1er long métrage du japonais Takahide Hori dont la réputation a traversé les frontières depuis quelque temps déjà puisque son film date déjà de 2017. Evidemment les années Covid ont retardé la plupart des sorties cinéma dans le monde mais depuis plusieurs mois déjà son oeuvre fait le tour des Festivals. Avec ce titre qui signifie en V.F. "Tête de Pacotille", le cinéaste pourrait avoir droit à une place dans le Guiness des Records puisqu'il assure et assume tous les postes ! De producteur-réalisateur il est aussi scénariste, compositeur, monteur, animateur... etc... et acteur qui incarne tous les personnages ! Malgré une formation artistique le cinéaste se lance à un âge qu'on pourrait qualifier de tardif comme il l'explique : "à 40 ans, j'ai voulu me lancer un nouveau défi artistique. C'est une époque où je développais une véritable addiction au cinéma, je voyais jusqu'à 10 films par jour, et ma première formation a consisté à décrypter les séquences, à imaginer comme elles étaient faites, et parfois ce que j'aurais aimé faire à la place." Après quelques années il achève son court métrage "Junk Head 1" (2013), durant 30mn et posté sur Youtube il fait le buzz et fait déjà le bonheur des festivaliers notamment à Clermont-Ferrand où il  obtient le Prix du meilleur film d'animation.
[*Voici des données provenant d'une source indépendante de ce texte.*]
text \<open>If \<open>g\<close> stays within \<open>d\<close> of \<open>c\<close> on the support of \<open>p\<close>, both \<open>\<psi> (g p)\<close> and the discrete
  integral of \<open>g\<close> are within \<open>d \<psi>(p)\<close> of \<open>c \<psi>(p)\<close>.\<close>
lemma (in function_algebra) discrete_approx_insert:
  assumes st: "is_state C \<psi>" and p: "p \<in> C" "\<And>x. 0 \<le> p x" and g: "g \<in> C"
    and near: "\<And>x. 0 < p x \<Longrightarrow> \<bar>g x - c\<bar> < d" and d: "2 * d \<le> \<epsilon>"
    and approx: "discrete_approx \<psi> p F \<epsilon> S w"
  shows "discrete_approx \<psi> p (insert g F) \<epsilon> S w"
proof -
  have S: "finite S" "\<And>y. y \<in> S \<Longrightarrow> 0 \<le> w y \<and> 0 < p y" "(\<Sum>y\<in>S. w y) = \<psi> p"
    using approx by (auto simp: discrete_approx_def)
  have bound: "\<bar>(g x - c) * p x\<bar> \<le> d * p x" for x
    using near[of x] p(2)[of x] by (cases "p x = 0") (auto simp: abs_mult mult_right_mono)
  have "\<psi> (\<lambda>x. g x * p x) - c * \<psi> p = \<psi> (\<lambda>x. (g x - c) * p x)"
    using state_diff[OF st mult_mem[OF g p(1)] scale_mem[OF p(1)], of c]
      is_state_scale[OF st p(1), of c] by (simp add: algebra_simps)
  also have "\<bar>\<dots>\<bar> \<le> d * \<psi> p"
    using state_abs_le[OF st mult_mem[OF diff_mem[OF g const_mem] p(1)] scale_mem[OF p(1)] bound]
      is_state_scale[OF st p(1)] by simp
  finally have integral: "\<bar>\<psi> (\<lambda>x. g x * p x) - c * \<psi> p\<bar> \<le> d * \<psi> p" .
  have "\<bar>(\<Sum>y\<in>S. w y * g y) - c * \<psi> p\<bar> = \<bar>\<Sum>y\<in>S. w y * (g y - c)\<bar>"
    by (simp add: S(3)[symmetric] sum_distrib_left sum_subtractf algebra_simps)
  also have "\<dots> \<le> (\<Sum>y\<in>S. w y * d)"
  proof (intro order.trans[OF sum_abs] sum_mono)
    fix y assume "y \<in> S"
    then have "0 \<le> w y" "\<bar>g y - c\<bar> \<le> d" using S(2) near less_imp_le by blast+
    then show "\<bar>w y * (g y - c)\<bar> \<le> w y * d" by (simp add: abs_mult mult_left_mono)
  qed
  also have "\<dots> = d * \<psi> p" by (simp add: S(3)[symmetric] sum_distrib_left mult.commute)
  finally have sum: "\<bar>(\<Sum>y\<in>S. w y * g y) - c * \<psi> p\<bar> \<le> d * \<psi> p" .
  have "0 \<le> \<psi> p" using is_state_nonneg[OF st p] .
  then have "2 * d * \<psi> p \<le> \<epsilon> * \<psi> p" using d by (rule mult_right_mono[rotated])
  then have "\<bar>\<psi> (\<lambda>x. g x * p x) - (\<Sum>y\<in>S. w y * g y)\<bar> \<le> \<epsilon> * \<psi> p"
    using integral sum by linarith
  then show ?thesis using approx by (simp add: discrete_approx_def)
qed
lemma Lm'_eq_Labs':
  assumes "m \<in> {1..n}"
  shows "Lm' V E (inp m) out a b = Labs' V E inp n out a b"
proof -
  let ?G = "Gm_nodes V E (inp m) out"
  let ?N = "{v. simple_node E a b v} \<union> Labs_appendages"
  have "Lm_appendages m = Labs_appendages"
    using Lm_appendages_subset Labs_appendages_subset assms by blast
  moreover have "Lm' V E (inp m) out a b =
      ({v. simple_node E a b v} \<union> Lm_appendages m,
       {(x, y). (x, y) \<in> E \<and> x \<in> {v. simple_node E a b v} \<union> Lm_appendages m \<and>
          y \<in> {v. simple_node E a b v} \<union> Lm_appendages m \<and> x \<in> ?G \<and> y \<in> ?G})"
    by (simp add: Lm'_def Let_def Lm_eq[OF assms] path_equiv_Restr Lm_appendages_def)
  ultimately have Lm': "Lm' V E (inp m) out a b =
      (?N, {(x, y). (x, y) \<in> E \<and> x \<in> ?N \<and> y \<in> ?N \<and> x \<in> ?G \<and> y \<in> ?G})"
    by simp
  have Labs': "Labs' V E inp n out a b = (?N, {(x, y). (x, y) \<in> E \<and> x \<in> ?N \<and> y \<in> ?N})"
    by (simp add: Labs'_def Let_def Labs_eq Labs_appendages_def)
  have "?N \<subseteq> ?G"
    using between_in_Gm[OF assms] \<open>Lm_appendages m = Labs_appendages\<close>
    by (auto simp: Lm_appendages_def path_equiv_def)
  then show ?thesis unfolding Lm' Labs' by blast
qed

end

theorem lemma3p23:
  fixes V :: "'a set" and E :: "('a \<times> 'a) set" and inp :: "nat \<Rightarrow> 'a"
    and n :: nat and out a b :: 'a
  assumes "core_network V E inp n out"
    and "abs_adjacent E inp n out a b"
  shows "\<forall>m\<in>{1..n}. Lm' V E (inp m) out a b = Labs' V E inp n out a b"
proof -
  interpret super_simple_pair V E inp n out a b
    using assms by unfold_locales (simp_all add: abs_adjacent_def)
  show ?thesis using Lm'_eq_Labs' by blast
qed

end
theorem mainTheorem11:
  fixes n :: nat and \<epsilon> \<phi> :: real
  assumes "n \<ge> 2" and "\<epsilon> > 0" and "\<phi> > 0" and "\<epsilon> * \<phi> = 1" and "\<epsilon> \<noteq> 1"
  shows "(\<forall>v lam. eigenvector (T_mat n \<epsilon> \<phi>) v lam \<longleftrightarrow>
            ((lam = \<epsilon> + \<phi> \<and> (\<exists>c. c \<noteq> 0 \<and> v = c \<cdot>\<^sub>v v_out n \<phi>)) \<or>
             (\<exists>k \<in> {1..<n}. lam = 2 * cos (theta n k) \<and> (\<exists>c. c \<noteq> 0 \<and> v = c \<cdot>\<^sub>v v_k n \<epsilon> k))))
       \<and> \<epsilon> + \<phi> = \<epsilon> + 1 / \<epsilon>
       \<and> v_out n \<phi> = vec n (\<lambda>i. (1 / \<epsilon>) ^ i)
       \<and> invertible_mat (V_mat n \<epsilon>)
       \<and> (\<exists>W. inverts_mat (V_mat n \<epsilon>) W \<and> inverts_mat W (V_mat n \<epsilon>)
              \<and> T_mat n \<epsilon> \<phi> = V_mat n \<epsilon> * D_mat n \<epsilon> * W)"
proof -
  have \<phi>: "\<phi> = 1 / \<epsilon>" using assms(4) by (rule eq_one_divide_of_mult_eq_1)
  interpret symmetric_eigenbasis n "T_mat n \<epsilon> \<phi>" "V_mat n \<epsilon>" "T_eigenvalue n \<epsilon>"
    using assms transpose_T_mat T_mat_mult_col_V_mat col_V_mat_nonzero inj_on_T_eigenvalue
    by unfold_locales (auto simp: V_mat_def)
  have "0 < n" using assms(1) by simp
  hence split_zero: "(\<exists>j<n. P j) \<longleftrightarrow> P 0 \<or> (\<exists>k \<in> {1..<n}. P k)" for P :: "nat \<Rightarrow> bool"
    by (metis atLeastLessThan_iff bot_nat_0.not_eq_extremum less_one linorder_not_le)
  have "eigenvector (T_mat n \<epsilon> \<phi>) v lam \<longleftrightarrow>
            ((lam = \<epsilon> + \<phi> \<and> (\<exists>c. c \<noteq> 0 \<and> v = c \<cdot>\<^sub>v v_out n \<phi>)) \<or>
             (\<exists>k \<in> {1..<n}. lam = 2 * cos (theta n k) \<and> (\<exists>c. c \<noteq> 0 \<and> v = c \<cdot>\<^sub>v v_k n \<epsilon> k)))"
    for v lam
    unfolding eigenvector_iff_smult_col split_zero
    using col_V_mat_0[OF \<open>0 < n\<close> assms(4)] col_V_mat by (simp add: T_eigenvalue_def \<phi>)
  moreover have "inverts_mat (V_mat n \<epsilon>) orth_inverse" "inverts_mat orth_inverse (V_mat n \<epsilon>)"
    using orth_inverse_mult mult_orth_inverse V_carrier unfolding inverts_mat_def by auto
  ultimately show ?thesis
    using diagonalization V_carrier
    by (auto simp: \<phi> v_out_def D_mat_eq_mat_diag invertible_mat_def square_mat.simps)
qed

end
Comme il l'avoue, il a choisi le stop-motion par soucis pratique et non pas artistique, car étant seul c'était le système le plus simple et efficace pour pouvoir tout gérer seul en auto-didacte. La stop-motion a déjà offert quelques bijoux au cinéma avec notamment "Les Noces Funèbres" (2005) de Tim Burton, "Mary et Max" (2009) de Adam Elliot, "Kubo et l'Armure Magique" (2016) de Travis knight ou "L'Île aux Chiens" (2018) de Wes Anderson, mais il s'agit de grandes productions avec d'énormes moyens alors que Takahide Hori est seul avec des moyens limités...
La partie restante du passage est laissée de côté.